Jakho

Jakho

Full Stack developer.
x

The bumpy journey of using the Tesla V100 graphics card on an old motherboard

Background#

Due to the low performance of computers used in general development scenarios for front-end development, I previously spent less than 1k on a set of I5-6600 + Mini ITX motherboard in a small case that has been my main development machine. After upgrading to 32G of memory, even the integrated graphics driver is more than sufficient for daily development tasks. Additionally, I have a MacBook available for iOS development tasks. Recently, AI has been a hot topic, and coincidentally, some of the company's projects involve using Stable Diffusion for small painting applications. After trying it out, I found it quite interesting.

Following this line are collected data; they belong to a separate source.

text \<open>All functions are written in the variable t standing for q^(1/2).
  Tsq m n t is T_{m,n}(q) with q = t^2.\<close>
definition Tsq :: "nat \<Rightarrow> nat \<Rightarrow> real \<Rightarrow> real" where
  "Tsq m n t = (\<Sum>k=1..n. (-1) ^ (n - k) * ((1 - (t^2) ^ k) / (1 - t^2)) ^ m
                              * t ^ (m * (n - k)))"

definition H :: "nat \<Rightarrow> nat \<Rightarrow> real \<Rightarrow> real" where
  "H m s x =
    (\<Prod>j=0..s. 1 + x ^ (2*m - 2*j - 1)) / ((1 + x) ^ s * (1 - x) ^ (2*s)) *
    (\<Sum>k=0..s. (-1) ^ (s - k) / (1 + x ^ (2*m - 2*k - 1)) * binomZ (2*int m - 1) (int k) *
      (\<Sum>i=0..s-k.
         binomZ (int m - int s + int i - 1) (int i) *
         (binomZ (int m - int k - int i - 1) (int s - int k - int i)
             * x powi (2*int s - 2*int k - 2*int i)
          + binomZ (int m - int k - int i - 2) (int s - int k - int i - 1)
             * x powi (2*int s - 2*int k - 2*int i - 1))))"

end

(* Write q = t^2 and M = 2m - 1.  Since T_{M,n+1} = ((1 - q^(n+1))/(1 - q))^M - t^M T_{M,n} and
   T_{M,0} = 0, it suffices that the right-hand side obeys the same recursion in n and vanishes
   at n = 0.  Its first term solves the homogeneous recursion.  Its second term is F(q^n), where
   F(u) = sum_k c_k (1 - t u) u^k ((1 - u)(1 - q u))^(m-1-k) and c_k is H_{m,k}(t) up to an explicit
   factor.  The inner sums of H_{m,s} are the Taylor coefficients a_N(K) of
   (1 + t x) / ((1 - x)(1 - q x))^N with N = m - s, and these satisfy
   sum_K a_{L+1-K}(K) u^K ((1 - u)(1 - q u))^(L-K) = 1 + t u + ... + (t u)^(2L).  This turns F into
   sum_j b_j (u^j - t^(M-2j) u^(M-j)) with binomial b_j, and F(q u) + t^M F(u) = ((1 - q u)/(1 - q))^M
   becomes the binomial theorem.

   (1 - t)^(2s) H_{m,s} is visibly an integer polynomial.  If (t - 1)^(2s) did not divide it for
   some s, multiply the identity by the largest resulting pole order at t = 1 and let t tend to 1:
   the left side tends to 0, and the right side gives, for every even n, a polynomial relation in n
   forcing the leading coefficients at the pole of all H_{m,k} to vanish, a contradiction. *)

theory Submission
  imports Defs "HOL-Computational_Algebra.Formal_Power_Series"
begin

unbundle fps_syntax

section \<open>Taylor coefficients of (1 + t x) / ((1 - x) (1 - t^2 x))^N\<close>

lemma inverse_one_minus_const_fps_X_power_nth:
  fixes c :: "'a :: field_char_0"
  shows "inverse ((1 - fps_const c * fps_X) ^ N) $ k = of_nat ((N + k - 1) choose k) * c ^ k"
proof (cases "N = 0")
  case True
  then show ?thesis by (cases k) simp_all
qed (simp add: one_minus_const_fps_X_neg_power')

definition gfun :: "'a :: field_char_0 \<Rightarrow> nat \<Rightarrow> 'a fps" where
  "gfun t N = inverse ((1 - fps_X) ^ N)
     * ((1 + fps_const t * fps_X) * inverse ((1 - fps_const (t^2) * fps_X) ^ N))"

definition gcoeff :: "'a :: field_char_0 \<Rightarrow> nat \<Rightarrow> nat \<Rightarrow> 'a" where
  "gcoeff t N K = gfun t N $ K"

lemma gcoeff_explicit:
  "gcoeff t N K = (\<Sum>i=0..K. of_nat ((N + i - 1) choose i) *
     (of_nat ((N + (K - i) - 1) choose (K - i)) * (t^2) ^ (K - i)
      + (if i < K then t * (of_nat ((N + (K - i - 1) - 1) choose (K - i - 1)) * (t^2) ^ (K - i - 1))
         else 0)))"
proof -
  have first: "inverse ((1 - fps_X) ^ N :: 'a fps) $ i = of_nat ((N + i - 1) choose i)" for i
    using inverse_one_minus_const_fps_X_power_nth[of "1 :: 'a" N i] by simp
  have second: "((1 + fps_const t * fps_X) * inverse ((1 - fps_const (t^2) * fps_X) ^ N)) $ j
      = of_nat ((N + j - 1) choose j) * (t^2) ^ j
        + (if 0 < j then t * (of_nat ((N + (j - 1) - 1) choose (j - 1)) * (t^2) ^ (j - 1)) else 0)"
    for j
    by (simp add: distrib_right mult.assoc inverse_one_minus_const_fps_X_power_nth)
  show ?thesis
    unfolding gcoeff_def gfun_def fps_mult_nth[of "inverse _"] first second
    by (intro sum.cong) auto
qed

Since the company's development environment has shared computing power, I thought about whether I could upgrade the graphics card using old hardware to reach the threshold for playing with AI.

Component Selection#

AI painting requires a large amount of video memory to store models and training data, so the larger the video memory capacity, the better the AI painting effect. Therefore, video memory capacity is a very important factor in my selection process. I found many posts online stating that at least 8GB of video memory is needed to handle AI painting tasks, but to create higher resolution images without running out of memory, it is recommended to choose 16GB or higher.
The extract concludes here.